Depreciation on Commercial Buildings
This applies form 1 April 2020 on all commercial and industrial buildings. It does not apply to residential buildings (ie long term rentals and short-term rentals like Air B&Bs). This will encourage investment in new and existing buildings by creating a tax deductible claim to offset profits and reduce tax payments.
Increasing Provisional Tax Thresholds
If your tax bill at year end is above $5,000 from the 2021 tax year, you will become a provisional tax payer. The previous threshold was $2,500. This means there will be more smaller businesses that can delay their tax payment until 7 April the following year to retain that cash for longer.

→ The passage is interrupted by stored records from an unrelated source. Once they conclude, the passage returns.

lemma tendsto_nn_integral_indicator_mono:
  fixes B :: "real \<Rightarrow> 'a set"
  assumes B: "\<And>b. B b \<in> sets M" "mono B" and AE: "AE x in M. \<exists>b. x \<in> B b"
    and f: "f \<in> borel_measurable M"
  shows "((\<lambda>b. \<integral>\<^sup>+x. f x * indicator (B b) x \<partial>M) \<longlongrightarrow> (\<integral>\<^sup>+x. f x \<partial>M)) at_top"
proof -
  have integral_mono: "(\<integral>\<^sup>+x. f x * indicator (B b) x \<partial>M) \<le> (\<integral>\<^sup>+x. f x * indicator (B b') x \<partial>M)"
    if "b \<le> b'" for b b'
    using monoD[OF B(2) that] by (intro nn_integral_mono) (auto split: split_indicator)
  have "(\<integral>\<^sup>+x. f x \<partial>M) = (\<integral>\<^sup>+x. (SUP n. f x * indicator (B (real n)) x) \<partial>M)"
  proof (rule nn_integral_cong_AE)
    show "AE x in M. f x = (SUP n. f x * indicator (B (real n)) x)"
      using AE
    proof eventually_elim
      case (elim x)
      then obtain b where "x \<in> B b" by blast
      moreover have "b \<le> real (nat \<lceil>b\<rceil>)"
        by linarith
      ultimately have "x \<in> B (real (nat \<lceil>b\<rceil>))"
        using monoD[OF B(2)] by blast
      then show ?case
        by (intro antisym SUP_upper2[of "nat \<lceil>b\<rceil>"] SUP_least) (auto split: split_indicator)
    qed
  qed
  also have "\<dots> = (SUP n. \<integral>\<^sup>+x. f x * indicator (B (real n)) x \<partial>M)"
  proof (rule nn_integral_monotone_convergence_SUP)
    show "incseq (\<lambda>n x. f x * indicator (B (real n)) x)"
    proof (intro incseq_SucI le_funI)
      fix n x
      have "B (real n) \<subseteq> B (real (Suc n))"
        using monoD[OF B(2)] by simp
      then show "f x * indicator (B (real n)) x \<le> f x * indicator (B (real (Suc n))) x"
        by (auto split: split_indicator)
    qed
  qed (use B(1) f in measurable)
  finally have integral_eq_SUP: "(\<integral>\<^sup>+x. f x \<partial>M) = (SUP n. \<integral>\<^sup>+x. f x * indicator (B (real n)) x \<partial>M)" .
  show ?thesis
  proof (rule order_tendstoI)
    fix y assume "(\<integral>\<^sup>+x. f x \<partial>M) < y"
    moreover have "(\<integral>\<^sup>+x. f x * indicator (B b) x \<partial>M) \<le> (\<integral>\<^sup>+x. f x \<partial>M)" for b
      by (intro nn_integral_mono) (auto split: split_indicator)
    ultimately show "\<forall>\<^sub>F b in at_top. (\<integral>\<^sup>+x. f x * indicator (B b) x \<partial>M) < y"
      by (intro always_eventually allI) (blast intro: le_less_trans)
  next
    fix y assume "y < (\<integral>\<^sup>+x. f x \<partial>M)"
    then obtain n :: nat where n: "y < (\<integral>\<^sup>+x. f x * indicator (B (real n)) x \<partial>M)"
      unfolding integral_eq_SUP by (auto simp: less_SUP_iff)
    show "\<forall>\<^sub>F b in at_top. y < (\<integral>\<^sup>+x. f x * indicator (B b) x \<partial>M)"
      using eventually_ge_at_top[of "real n"]
      by eventually_elim (use n integral_mono in \<open>blast intro: less_le_trans\<close>)
  qed
qed
(* Let $f:\mathbb{R}^n\to\mathbb{R}\cup\{\infty\}$ be a proper lower semicontinuous function and let $\bar x\in\operatorname{dom} f$. Suppose that $0\in\partial_p f(\bar x)$ and that there exists a real number $c>0$ such that $$\langle z,w\rangle\ge c\|w\|^2\quad\text{for all } w\in\operatorname{dom} D(\partial f)(\bar x|0)\text{ and all } z\in D(\partial f)(\bar x|0)(w).$$ Then $\bar x$ is a strong local minimizer of $f$ with modulus $\kappa$ for every $\kappa\in(0,c)$. Moreover, $$\mathrm{QG}(f;\bar x)\ge \inf\Big\{\frac{\langle z,w\rangle}{\|w\|^2}\ \Big|\ z\in D(\partial f)(\bar x|0)(w),\ w\in\operatorname{dom} D(\partial f)(\bar x|0)\Big\},$$ with the convention $0/0=\infty$.
   Context: For $\Omega\subset\mathbb{R}^N$ and $\bar u\in\Omega$, the tangent (contingent) cone is $T_\Omega(\bar u)=\{v\mid \exists t_k\downarrow0,\ v_k\to v \text{ with } \bar u+t_kv_k\in\Omega\}$. The regular normal cone is $\widehat N_\Omega(\bar u)=T_\Omega(\bar u)^\circ$ (polar cone), and the limiting normal cone $N_\Omega(\bar u)$ is the set of limits of $v_k\in\widehat N_\Omega(u_k)$ with $u_k\to\bar u$, $u_k\in\Omega$. For a proper lsc $f$ and $\bar x\in\operatorname{dom} f$, the limiting subdifferential is $\partial f(\bar x)=\{v\mid (v,-1)\in N_{\operatorname{epi} f}(\bar x,f(\bar x))\}$, and the proximal subdifferential is $\partial_p f(\bar x)=\{v\mid \liminf_{x\to\bar x}\frac{f(x)-f(\bar x)-\langle v,x-\bar x\rangle}{\|x-\bar x\|^2}>-\infty\}$. For a set-valued map $F:\mathbb{R}^n\rightrightarrows\mathbb{R}^m$ and $(\bar x,\bar y)\in\operatorname{gph}F$, the graphical derivative is $DF(\bar x|\bar y)(w)=\{z\mid (w,z)\in T_{\operatorname{gph}F}(\bar x,\bar y)\}$; the subgradient graphical derivative is $D(\partial f)(\bar x|\bar v)$, and $\operatorname{dom} D(\partial f)(\bar x|0)=\{w\mid D(\partial f)(\bar x|0)(w)\ne\emptyset\}$. A point $\bar x\in\operatorname{dom} f$ is a strong local minimizer of $f$ with modulus $\kappa>0$ if there is $\gamma>0$ with $f(x)-f(\bar x)\ge\frac{\kappa}{2}\|x-\bar x\|^2$ for all $x$ with $\|x-\bar x\|\le\gamma$ (the quadratic growth condition). $\mathrm{QG}(f;\bar x)$ denotes the supremum of all $\kappa>0$ such that $\bar x$ is a strong local minimizer of $f$ with modulus $\kappa$. *)

theory Defs
  imports "HOL-Analysis.Analysis" "HOL-Library.Extended_Real"
begin

definition proper_fun :: "('a \<Rightarrow> ereal) \<Rightarrow> bool" where
  "proper_fun f \<longleftrightarrow> (\<forall>x. f x \<noteq> -\<infinity>) \<and> (\<exists>x. f x \<noteq> \<infinity>)"

definition lsc_fun :: "('a::topological_space \<Rightarrow> ereal) \<Rightarrow> bool" where
  "lsc_fun f \<longleftrightarrow> (\<forall>x. f x \<le> Liminf (at x) f)"

definition effdom :: "('a \<Rightarrow> ereal) \<Rightarrow> 'a set" where
  "effdom f = {x. f x < \<infinity>}"

definition epi :: "('a \<Rightarrow> ereal) \<Rightarrow> ('a \<times> real) set" where
  "epi f = {(x, a). f x \<le> ereal a}"

definition tangent_cone :: "'a::real_normed_vector set \<Rightarrow> 'a \<Rightarrow> 'a set" where
  "tangent_cone \<Omega> u = {v. \<exists>(t::nat \<Rightarrow> real) (vs::nat \<Rightarrow> 'a).
      (\<forall>k. t k > 0) \<and> t \<longlonglongrightarrow> 0 \<and> vs \<longlonglongrightarrow> v \<and> (\<forall>k. u + t k *\<^sub>R vs k \<in> \<Omega>)}"

definition polar_cone :: "'a::real_inner set \<Rightarrow> 'a set" where
  "polar_cone K = {v. \<forall>w\<in>K. inner v w \<le> 0}"

definition regular_normal_cone :: "'a::real_inner set \<Rightarrow> 'a \<Rightarrow> 'a set" where
  "regular_normal_cone \<Omega> u = polar_cone (tangent_cone \<Omega> u)"

definition limiting_normal_cone :: "'a::real_inner set \<Rightarrow> 'a \<Rightarrow> 'a set" where
  "limiting_normal_cone \<Omega> u = {v. \<exists>(us::nat \<Rightarrow> 'a) (vs::nat \<Rightarrow> 'a).
      (\<forall>k. us k \<in> \<Omega> \<and> vs k \<in> regular_normal_cone \<Omega> (us k)) \<and>
      us \<longlonglongrightarrow> u \<and> vs \<longlonglongrightarrow> v}"

text \<open>Limiting subdifferential (meaningful for x in dom f).\<close>
definition limiting_subdiff :: "('a::real_inner \<Rightarrow> ereal) \<Rightarrow> 'a \<Rightarrow> 'a set" where
  "limiting_subdiff f x = {v. (v, -1) \<in> limiting_normal_cone (epi f) (x, real_of_ereal (f x))}"

definition proximal_subdiff :: "('a::real_inner \<Rightarrow> ereal) \<Rightarrow> 'a \<Rightarrow> 'a set" where
  "proximal_subdiff f xb = {v. Liminf (at xb)
      (\<lambda>x. (f x - f xb - ereal (inner v (x - xb))) / ereal ((norm (x - xb))\<^sup>2)) > -\<infinity>}"
theorem proposition3p5:
  fixes X :: "'a::metric_space set" and f :: "'a \<Rightarrow> 'a" and \<F> :: "nat set set"
  assumes "dyn_sys X f"
    and "furstenberg_family \<F>"
    and "{} \<notin> \<F>"
  shows "((transitive_sys X f \<and> fam_central \<F> X f) \<longleftrightarrow> fam_point_transitive (rev_diff \<F>) X f)
       \<and> (fam_point_transitive (rev_diff \<F>) X f \<longleftrightarrow>
            (Trans_fam (rev_diff \<F>) X f = Trans X f \<and> Trans X f \<noteq> {}))"
proof -
  have Trans_eq: "Trans_fam (rev_diff \<F>) X f = Trans X f" if "fam_central \<F> X f"
    using Trans_subset_Trans_fam_rev_diff[OF assms(1,2) that]
      Trans_fam_rev_diff_subset_Trans[OF assms(1,3)] by blast
  have "Trans_fam (rev_diff \<F>) X f = Trans X f \<and> Trans X f \<noteq> {}"
    if "transitive_sys X f" "fam_central \<F> X f"
    using Trans_eq Trans_nonempty_if_transitive[OF assms(1)] that by blast
  moreover have "transitive_sys X f \<and> fam_central \<F> X f"
    if "x \<in> Trans_fam (rev_diff \<F>) X f" for x
    using that transitive_sys_if_Trans[OF assms(1)] fam_central_if_Trans_fam_rev_diff[OF assms(2)]
      Trans_fam_rev_diff_subset_Trans[OF assms(1,3)] by blast
  ultimately show ?thesis
    unfolding fam_point_transitive_def by blast
qed

end
lemma skew_rmod: "degree (rmod g f) < degree f" "\<exists>q. g = q \<odot> f + rmod g f"
proof -
  obtain q r where "degree r < degree f" "g = q \<odot> f + r"
    using skew_division_exists[OF monic degree_pos] by blast
  with skew_rmod_eqI[OF this] show "degree (rmod g f) < degree f" "\<exists>q. g = q \<odot> f + rmod g f"
    by auto
qed

lemma skew_rmod_diff: "rmod (a - b) f = rmod a f - rmod b f"
proof -
  obtain qa qb where "a = qa \<odot> f + rmod a f" "b = qb \<odot> f + rmod b f"
    using skew_rmod(2) by blast
  then have "a - b = (qa - qb) \<odot> f + (rmod a f - rmod b f)"
    by (simp add: skew_mult_diff_left algebra_simps)
  then show ?thesis
    by (intro skew_rmod_eqI) (simp_all add: degree_diff_less skew_rmod(1))
qed

lemma skew_rmod_small: "degree g < degree f \<Longrightarrow> rmod g f = g"
  using skew_rmod_eqI[of g g 0] by simp

lemma skew_rmod_multiple [simp]: "rmod (h \<odot> f) f = 0"
  using skew_rmod_eqI[of 0] degree_pos by simp

lemma skew_rmod_eq_0_iff: "rmod g f = 0 \<longleftrightarrow> (\<exists>h. g = h \<odot> f)"
  using skew_rmod(2)[of g] by auto

lemma skew_rmod_same_degree:
  assumes "degree g = degree f"
  shows "g = [:lead_coeff g:] \<odot> f + rmod g f"
proof -
  have "lead_coeff g \<noteq> 0" using assms degree_pos by (metis degree_0 leading_coeff_0_iff less_irrefl)
  then have "degree (g - [:lead_coeff g:] \<odot> f) < degree f"
    using assms degree_pos monic
    by (intro degree_diff_less_same_lead)
       (simp_all add: skew_mult_const_left degree_lscal coeff_lscal)
  then show ?thesis
    using skew_rmod_eqI[of _ g "[:lead_coeff g:]"] by simp
qed

subsection \<open>Associators of the Petit algebra S_f\<close>

lemma Sf_mult_small: "degree (x \<odot> y) < degree f \<Longrightarrow> Sf_mult \<sigma> \<delta> f x y = x \<odot> y"
  unfolding Sf_mult_def by (rule skew_rmod_small)

lemma Sf_assoc_via_quotient:
  assumes "x \<odot> y = q \<odot> f + Sf_mult \<sigma> \<delta> f x y"
  shows "Sf_assoc \<sigma> \<delta> f x y z = - rmod (q \<odot> (f \<odot> z)) f"
proof -
  obtain q' where q': "y \<odot> z = q' \<odot> f + Sf_mult \<sigma> \<delta> f y z"
    using skew_rmod(2) unfolding Sf_mult_def by blast
  have xy: "Sf_mult \<sigma> \<delta> f x y = x \<odot> y - q \<odot> f" and yz: "Sf_mult \<sigma> \<delta> f y z = y \<odot> z - q' \<odot> f"
    using assms q' by (simp_all add: algebra_simps)
  have "Sf_mult \<sigma> \<delta> f (Sf_mult \<sigma> \<delta> f x y) z = rmod (x \<odot> (y \<odot> z)) f - rmod (q \<odot> (f \<odot> z)) f"
    unfolding xy by (simp add: Sf_mult_def skew_mult_diff_left skew_mult_assoc skew_rmod_diff)
  moreover have "Sf_mult \<sigma> \<delta> f x (Sf_mult \<sigma> \<delta> f y z) = rmod (x \<odot> (y \<odot> z)) f"
    unfolding yz by (simp add: Sf_mult_def skew_mult_diff_right skew_mult_assoc[symmetric] skew_rmod_diff)
  ultimately show ?thesis unfolding Sf_assoc_def by simp
qed

lemma Sf_assoc_top_degree:
  assumes "degree (x \<odot> y) = degree f"
  shows "Sf_assoc \<sigma> \<delta> f x y z = - rmod (lscal (lead_coeff (x \<odot> y)) (f \<odot> z)) f"
  using Sf_assoc_via_quotient[of x y "[:lead_coeff (x \<odot> y):]" z] skew_rmod_same_degree[OF assms]
  unfolding Sf_mult_def by (simp add: skew_mult_const_left)

lemma Sf_right_nucleus_iff:
  assumes "degree f \<ge> 2" and "x \<in> Sf_carrier f"
  shows "x \<in> Sf_right_nucleus \<sigma> \<delta> f \<longleftrightarrow> (\<exists>h. f \<odot> x = h \<odot> f)"
proof
  assume "x \<in> Sf_right_nucleus \<sigma> \<delta> f"
  moreover have "monom 1 1 \<in> Sf_carrier f" "monom 1 (degree f - 1) \<in> Sf_carrier f"
    using assms(1) by (simp_all add: Sf_carrier_def degree_monom_eq)
  ultimately have "Sf_assoc \<sigma> \<delta> f (monom 1 1) (monom 1 (degree f - 1)) x = 0"
    unfolding Sf_right_nucleus_def by blast
  moreover have "monom 1 1 \<odot> monom 1 (degree f - 1) = monom 1 (degree f)"
    unfolding skew_mult_monom_one_left tmul_monom_one using degree_pos by simp
  ultimately show "\<exists>h. f \<odot> x = h \<odot> f"
    using Sf_assoc_top_degree skew_rmod_eq_0_iff by (simp add: degree_monom_eq)
next
  assume "\<exists>h. f \<odot> x = h \<odot> f"
  then obtain h where h: "f \<odot> x = h \<odot> f" ..
  have "Sf_assoc \<sigma> \<delta> f y z x = 0" for y z
  proof -
    obtain q where "y \<odot> z = q \<odot> f + Sf_mult \<sigma> \<delta> f y z"
      using skew_rmod(2) unfolding Sf_mult_def by blast
    then show ?thesis
      by (simp add: Sf_assoc_via_quotient h skew_mult_assoc[symmetric])
  qed
  with assms(2) show "x \<in> Sf_right_nucleus \<sigma> \<delta> f"
    unfolding Sf_right_nucleus_def by blast
qed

Low Value Assets threshold increase
From 17 March 2020 – 16 March 2021, low value assets under $5,000 can now be deducted in full in the year of purchase, instead of being deducted over the life time of the asset. The threshold will be dropped to $1,000 from 17 March 2021 and permanently stay at this level. Claiming these low value assets in full means your profit will be lower and give you a decrease in your year end tax bill.
Use of Money Interest and Penalties Remission
IRD can now remove interest and penalties for businesses who have late paid their taxes. This applies to all taxes (PAYE, GST, INC etc). This is for all tax payments due from 14 February 2020. Filing of tax returns must still be done on time.
New IRD initiatives – 15th April 2020:
Flexibility of statutory tax deadlines
IRD will have discretion to change the due dates for filing tax returns and making tax payments.
Changes to Tax Loss Continuity rules (2021 Tax Year)
A “same or similar business” test will now be used for companies wanting to raise capital through ownership investment. Currently if a company has more than a 51% change in ownership it cannot keep its tax losses. These rules will allow the company to retain and carry the losses forward.
Tax Loss carry-back scheme (2020 Tax year onwards)
If you have a loss in a particular tax year, you can offset this against the profits of a prior year. This means you will receive a refund of the tax that was paid in the previous profitable year – carrying the loss back one year.
If you are struggling to make your student loan payments, you can now apply to reduce the required repayment amount.
Home office reimbursements for employees
If employees are working from home, you can pay them a non-taxable allowance. Up to $5 per week for phone usage and up to $15 per week for general costs to help cover internet, power etc. These are deductible for the business owners paying the allowance, and non-taxable for the employee receiving it.